What you return must be every line below that includes the word "metis".

[Opening Records for this exercise section]

definition neg_op :: "('a \<Rightarrow> 'w \<Rightarrow> 'w::group_add) \<Rightarrow> 'a \<Rightarrow> 'w \<Rightarrow> 'w" where
  "neg_op phi x w = - phi x w"

end

theory Submission
  imports Defs
begin

text \<open>
  For x homogeneous of degree a and a functional \<alpha> of degree d, the definition of the dual
  operators gives \<open>\<rho>\<^sup>*(x)\<alpha> = - \<epsilon>(a,d) \<alpha> \<circ> \<rho>(x)\<close> and \<open>(-\<mu>\<^sup>*)(x)\<alpha> = \<epsilon>(a,d) \<alpha> \<circ> \<mu>(x)\<close>.
  Composing twice reverses the order of the operators, and with the bicharacter identities one
  finds \<open>R\<^bsub>\<rho>\<^sup>*,-\<mu>\<^sup>*\<^esub>(x,y)\<alpha> = \<epsilon>(a+b,d) \<alpha> \<circ> R\<^bsub>\<rho>,\<mu>\<^esub>(x,y)\<close> and
  \<open>S\<^bsub>\<rho>\<^sup>*,-\<mu>\<^sup>*\<^esub>(x,y)\<alpha> = \<epsilon>(a+b,d) \<alpha> \<circ> T\<^bsub>\<rho>,\<mu>\<^esub>(x,y)\<close>. Hence the two compatibility conditions
  required of \<open>(V\<^sup>*,\<rho>\<^sup>*,-\<mu>\<^sup>*)\<close> are the transposes of the two hypotheses, just as the representation
  identities of \<open>\<rho>\<^sup>*\<close> and \<open>-\<mu>\<^sup>*\<close> are the transposes of those of \<open>\<rho>\<close> and \<open>\<mu>\<close>. All identities
  are additive in every argument, so it suffices to check them on homogeneous elements; finite
  dimensionality of V makes \<open>V\<^sup>*\<close> the direct sum of the \<open>V\<^sup>*\<^sub>d\<close>.
\<close>

section \<open>Graded spaces\<close>

definition grade_support :: "('g \<Rightarrow> 'w::comm_monoid_add set) \<Rightarrow> 'w \<Rightarrow> 'g set" where
  "grade_support Wg w = {g. gcomp Wg w g \<noteq> 0}"

lemma hdec_sum_superset:
  assumes "hdec Wg w f" "finite S" "{g. f g \<noteq> 0} \<subseteq> S"
  shows "w = (\<Sum>g\<in>S. f g)"
proof -
  have "w = (\<Sum>g\<in>{g. f g \<noteq> 0}. f g)" using assms(1) by (simp add: hdec_def)
  also have "\<dots> = (\<Sum>g\<in>S. f g)"
    by (rule sum.mono_neutral_left) (use assms in auto)
  finally show ?thesis .
qed

context
  fixes sc :: "'k::field \<Rightarrow> 'w::ab_group_add \<Rightarrow> 'w" and W :: "'w set" and Wg :: "'g \<Rightarrow> 'w set"
  assumes graded: "graded_space sc W Wg"
begin

lemma graded_space_mem_if_hdec: "hdec Wg w f \<Longrightarrow> w \<in> W"
  using graded unfolding graded_space_def by blast

lemma graded_space_component_zero: "0 \<in> Wg g"
  using graded unfolding graded_space_def by blast

lemma graded_space_component_add: "u \<in> Wg g \<Longrightarrow> v \<in> Wg g \<Longrightarrow> u + v \<in> Wg g"
  using graded unfolding graded_space_def by blast

lemma graded_space_component_scale: "u \<in> Wg g \<Longrightarrow> sc c u \<in> Wg g"
  using graded unfolding graded_space_def by blast

lemma graded_space_component_diff:
  assumes "vector_space sc" and "u \<in> Wg g" "v \<in> Wg g"
  shows "u - v \<in> Wg g"
proof -
  interpret vector_space sc by fact
  have "u - v = u + sc (-1) v" by simp
  then show ?thesis
    using assms graded_space_component_add graded_space_component_scale by metis
qed

lemma graded_space_component_subset: "u \<in> Wg g \<Longrightarrow> u \<in> W"
  using graded unfolding graded_space_def by blast

lemma gcomp_eqI: "hdec Wg w f \<Longrightarrow> gcomp Wg w = f"
  unfolding gcomp_def
  by (rule the1_equality) (use graded graded_space_mem_if_hdec in \<open>auto simp: graded_space_def\<close>)

lemma hdec_gcomp: "w \<in> W \<Longrightarrow> hdec Wg w (gcomp Wg w)"
  using graded unfolding gcomp_def graded_space_def by (metis theI')

lemma gcomp_mem: "w \<in> W \<Longrightarrow> gcomp Wg w g \<in> Wg g"
  using hdec_gcomp unfolding hdec_def by blast

lemma finite_grade_support: "w \<in> W \<Longrightarrow> finite (grade_support Wg w)"
  using hdec_gcomp unfolding hdec_def grade_support_def by blast

lemma gcomp_sum_superset:
  "w \<in> W \<Longrightarrow> finite S \<Longrightarrow> grade_support Wg w \<subseteq> S \<Longrightarrow> w = (\<Sum>g\<in>S. gcomp Wg w g)"
  unfolding grade_support_def by (rule hdec_sum_superset[OF hdec_gcomp])

lemma gcomp_homogeneous: "x \<in> Wg a \<Longrightarrow> gcomp Wg x = (\<lambda>g. if g = a then x else 0)"
  by (rule gcomp_eqI)
    (auto simp: hdec_def graded_space_component_zero if_distrib[of "\<lambda>y. y \<noteq> 0"] cong: if_cong)

lemma grade_support_homogeneous: "x \<in> Wg a \<Longrightarrow> grade_support Wg x \<subseteq> {a}"
  by (auto simp: grade_support_def gcomp_homogeneous)

lemma hdec_zero: "hdec Wg 0 (\<lambda>_. 0)"
  unfolding hdec_def using graded_space_component_zero by simp

lemma hdec_add:
  assumes hx: "hdec Wg x f" and hy: "hdec Wg y h"
  shows "hdec Wg (x + y) (\<lambda>g. f g + h g)"
proof -
  let ?S = "{g. f g \<noteq> 0} \<union> {g. h g \<noteq> 0}"
  have fS: "finite ?S" using hx hy by (simp add: hdec_def)
  have sub: "{g. f g + h g \<noteq> 0} \<subseteq> ?S" by auto
  have "x + y = (\<Sum>g\<in>?S. f g) + (\<Sum>g\<in>?S. h g)"
    using hdec_sum_superset[OF hx fS] hdec_sum_superset[OF hy fS] by auto
  also have "\<dots> = (\<Sum>g\<in>{g. f g + h g \<noteq> 0}. f g + h g)"
    unfolding sum.distrib[symmetric] by (rule sum.mono_neutral_right) (use fS sub in auto)
  finally show ?thesis
    using finite_subset[OF sub fS] graded_space_component_add hx hy by (auto simp: hdec_def)
qed

lemma hdec_scale:
  assumes vs: "vector_space sc" and hx: "hdec Wg x f"
  shows "hdec Wg (sc c x) (\<lambda>g. sc c (f g))"
proof -
  interpret vector_space sc by (fact vs)
  let ?S = "{g. f g \<noteq> 0}"
  have fS: "finite ?S" using hx by (simp add: hdec_def)
  have sub: "{g. sc c (f g) \<noteq> 0} \<subseteq> ?S" by auto
  have "sc c x = (\<Sum>g\<in>?S. sc c (f g))"
    using hdec_sum_superset[OF hx fS] by (simp add: scale_sum_right)
  also have "\<dots> = (\<Sum>g\<in>{g. sc c (f g) \<noteq> 0}. sc c (f g))"
    by (rule sum.mono_neutral_right) (use fS sub in auto)
  finally show ?thesis
    using finite_subset[OF sub fS] graded_space_component_scale hx by (auto simp: hdec_def)
qed

lemma graded_space_zero_mem: "0 \<in> W"
  by (rule graded_space_mem_if_hdec[OF hdec_zero])

lemma graded_space_add_mem: "x \<in> W \<Longrightarrow> y \<in> W \<Longrightarrow> x + y \<in> W"
  by (rule graded_space_mem_if_hdec[OF hdec_add[OF hdec_gcomp hdec_gcomp]])

lemma graded_space_scale_mem: "vector_space sc \<Longrightarrow> x \<in> W \<Longrightarrow> sc c x \<in> W"
  by (rule graded_space_mem_if_hdec[OF hdec_scale[OF _ hdec_gcomp]])

lemma gcomp_zero: "gcomp Wg 0 = (\<lambda>_. 0)"
  by (rule gcomp_eqI[OF hdec_zero])

lemma gcomp_add: "x \<in> W \<Longrightarrow> y \<in> W \<Longrightarrow> gcomp Wg (x + y) = (\<lambda>g. gcomp Wg x g + gcomp Wg y g)"
  by (rule gcomp_eqI[OF hdec_add[OF hdec_gcomp hdec_gcomp]])

lemma gcomp_scale: "vector_space sc \<Longrightarrow> x \<in> W \<Longrightarrow> gcomp Wg (sc c x) = (\<lambda>g. sc c (gcomp Wg x g))"
  by (rule gcomp_eqI[OF hdec_scale[OF _ hdec_gcomp]])

lemma grade_support_add:
  "x \<in> W \<Longrightarrow> y \<in> W \<Longrightarrow> grade_support Wg (x + y) \<subseteq> grade_support Wg x \<union> grade_support Wg y"
  by (auto simp: grade_support_def gcomp_add)

lemma grade_support_scale:
  assumes "vector_space sc" and "x \<in> W"
  shows "grade_support Wg (sc c x) \<subseteq> grade_support Wg x"
proof -
  interpret vector_space sc by fact
  show ?thesis using assms by (auto simp: grade_support_def gcomp_scale)
qed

[Closing Records for this exercise section]

## [Exercise result]
    using assms graded_space_component_add graded_space_component_scale by metis
  using graded unfolding gcomp_def graded_space_def by (metis theI')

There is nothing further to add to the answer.